■ **Required work**
Please repeat the records below exactly, but only from the line that contains "q l (q ^ l) = (-1)" onward, ending with the last line.

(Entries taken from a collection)
lemma node_prod_node:
  assumes "l \<le> m"
  shows "node_prod q l (q ^ m) * qpoch q q (m - l) = (-1) ^ l * q ^ triangular l * qpoch q q m"
  using assms
proof (induction l)
  case 0
  then show ?case by (simp add: node_prod_def triangular_def)
next
  case (Suc l)
  then have "l < m" by simp
  then have "m - l = Suc (m - Suc l)"
    by simp
  then have qpoch_split: "qpoch q q (m - l) = qpoch q q (m - Suc l) * (1 - q ^ (m - l))"
    by (simp only: qpoch_Suc power_Suc)
  have pow_split: "q ^ m = q ^ l * q ^ (m - l)"
    using \<open>l < m\<close> by (simp flip: power_add)
  have "node_prod q (Suc l) (q ^ m) * qpoch q q (m - Suc l)
        = (- (q ^ l)) * (node_prod q l (q ^ m) * qpoch q q (m - l))"
    unfolding node_prod_Suc qpoch_split by (subst (2) pow_split) (simp add: algebra_simps)
  also have "\<dots> = (-1) ^ Suc l * q ^ triangular (Suc l) * qpoch q q m"
    using Suc.IH \<open>l < m\<close> by (simp add: triangular_Suc power_add)
  finally show ?case .
qed

lemma node_prod_diag: "node_prod q l (q ^ l) = (-1) ^ l * q ^ triangular l * qpoch q q l"
  using node_prod_node[of l l] by simp

lemma node_prod_diag_nonzero: "node_prod q l (q ^ l) \<noteq> 0"
  using q_nonzero qpoch_q_nonzero by (simp add: node_prod_diag)

lemma node_prod_node_add:
  "node_prod q l (q ^ (l + i)) = node_prod q l (q ^ l) * qpoch q q (l + i) / (qpoch q q l * qpoch q q i)"
  using node_prod_node[of l "l + i"] qpoch_q_nonzero by (simp add: node_prod_diag field_simps)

■ **Output below**
lemma node_prod_diag: "node_prod q l (q ^ l) = (-1) ^ l * q ^ triangular l * qpoch q q l"
  using node_prod_node[of l l] by simp

lemma node_prod_diag_nonzero: "node_prod q l (q ^ l) \<noteq> 0"
  using q_nonzero qpoch_q_nonzero by (simp add: node_prod_diag)

lemma node_prod_node_add:
  "node_prod q l (q ^ (l + i)) = node_prod q l (q ^ l) * qpoch q q (l + i) / (qpoch q q l * qpoch q q i)"
  using node_prod_node[of l "l + i"] qpoch_q_nonzero by (simp add: node_prod_diag field_simps)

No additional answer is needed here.